The no-brainer chronicles

The Trump plan to Make America Great Again consists of some wonderfully simple ideas. One revenue-neutral plank is, for instance, to take taxes off exports, and put them on imports instead. (NB, there is no such thing as “revenue-neutral” in politics.) This will have a positive effect on the trade balance, while usefully smashing up a generation or more of international trade agreements. I selected it for this morning’s smile because, I’m neither for nor against. Better than that, I probably don’t have the right to an opinion, beyond: he got elected, let’s just watch. Perhaps thirty-seven years ago, I might have had the patience and current knowledge to analyse the proposed measures in detail, and guess at consequences ignored and unforeseen.

On the face of it, today, I can only say there are advantages and disadvantages to having a crass businessman in charge of your country, as opposed to, say, a malicious idiot from the political Left. On the other hand, it must be conceded that both my Iron Law of Paradox, and my Paradoxical Law of Irony, come bigly into play, and I recall the historical fields of carnage that followed from “no-brainers” of the past.

Put it this way. There are unexpected, and often devastating consequences to tampering with the market in any given way. And the same is true of tampering in the opposite way. It should not be the function of the government to play favourites, and the more it insists on playing “us versus them,” the more complicated our lives become in the subsequent fallout. Which is not to say that Trump started it. Indeed, he appears to be trying to match the existing nationalist policies of China, Mexico, &c, tit-for-tat.

Here is where I always disagreed, with pretty much everybody. A nation state is, with certain exceptions such as Kiribati, a very large entity. A modern “nanny state” is conducted on a scale beyond anyone’s comprehension. The single measure that might be good for a given town in, say, West Virginia, cannot possibly be good for another in Idaho, and adds debilitating paperwork at both ends. Meanwhile, the scale of the regulation is so great, that small family operators right across the country, lacking huge resources for lobbying and propaganda, will inevitably be scrood. For the truth is big guvmint and big bidnis interface only with each other.

Once upon a time, many years ago, I scrapped into one of these “no-brainer” political deals. The remains of the locomotive manufacturing business in Kingston, Ontario — whose century-old products I had glimpsed, still on the rails in India — were now on the block. A monster German corporation was offering to buy them, for the very purpose of competing, in Canada, with a (hugely subsidized, monopolist) Canadian corporation. The government stepped in, to “save” a Canadian industry, retroactively change the ground rules, and kick in more subsidies so that the Canadian monopolists, based in Montreal, could take over instead. This was accompanied by nationalist rhetoric, and Kingston was thrilled. Critics like me were unofficially deflected with bigoted anti-German blather held over from the last World War.
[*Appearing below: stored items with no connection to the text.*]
lemma Psi_roots_nonempty:
  assumes "prime p" and root: "p dvd poly (Phi3 c) x"
  shows "Psi_roots p c \<noteq> {}"
proof -
  define t where "t = (x + x^2 + c) mod p"
  have p: "p > 1" using assms(1) prime_gt_1_int by blast
  have t_range: "0 \<le> t" "t < p"
    unfolding t_def using p by auto
  have t_cong: "[t = x + x^2 + c] (mod p)"
    unfolding t_def by (simp add: cong_def)
  have "\<not> p dvd x + x^2 + c"
    using assms(1) root unfolding poly_Phi3_eq_1_plus_pair_sum
    by (rule prime_dvd_1_plus_mult_imp_not_dvd)
  then have "t \<noteq> 0"
    unfolding t_def by auto
  moreover have "\<not> p dvd x + x^2 + c + 1"
    using assms(1) root unfolding poly_Phi3_eq_1_plus_pair_sum_plus_1
    by (rule prime_dvd_1_plus_mult_imp_not_dvd)
  then have "t \<noteq> p - 1"
  proof (rule contrapos_nn)
    assume "t = p - 1"
    with t_cong have "p dvd (p - 1) - (x + x^2 + c)"
      by (simp add: cong_iff_dvd_diff)
    also have "(p - 1) - (x + x^2 + c) = p - (x + x^2 + c + 1)"
      by simp
    finally show "p dvd x + x^2 + c + 1"
      by (simp add: dvd_diff_right_iff)
  qed
  moreover have "p dvd Psi c t"
    using cong_Psi[OF t_cong, of c] root unfolding Psi_pair_sum
    by (simp add: cong_dvd_iff)
  ultimately have "t \<in> Psi_roots p c"
    unfolding Psi_roots_def using t_range by auto
  then show ?thesis by blast
qed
But I knew exactly what was going to happen. The local works, which would have been expanded by the foreign owner, were soon closed by the new Canadian owner, after studies had been commissioned to “prove” it was uneconomic. The latter’s last possible domestic competitor was thus snuffed out. The locals, whose lives had been for generations part of a proud Kingston enterprise, had been suckered. The politicians had told them it was little Canada versus big Germany. In reality, it was pretty little Kingston versus big ugly Montreal.

That is how the world works, with politics, so that whenever I hear of a big new national no-brainer scheme, my first thought is, which innocents are getting mooshed today?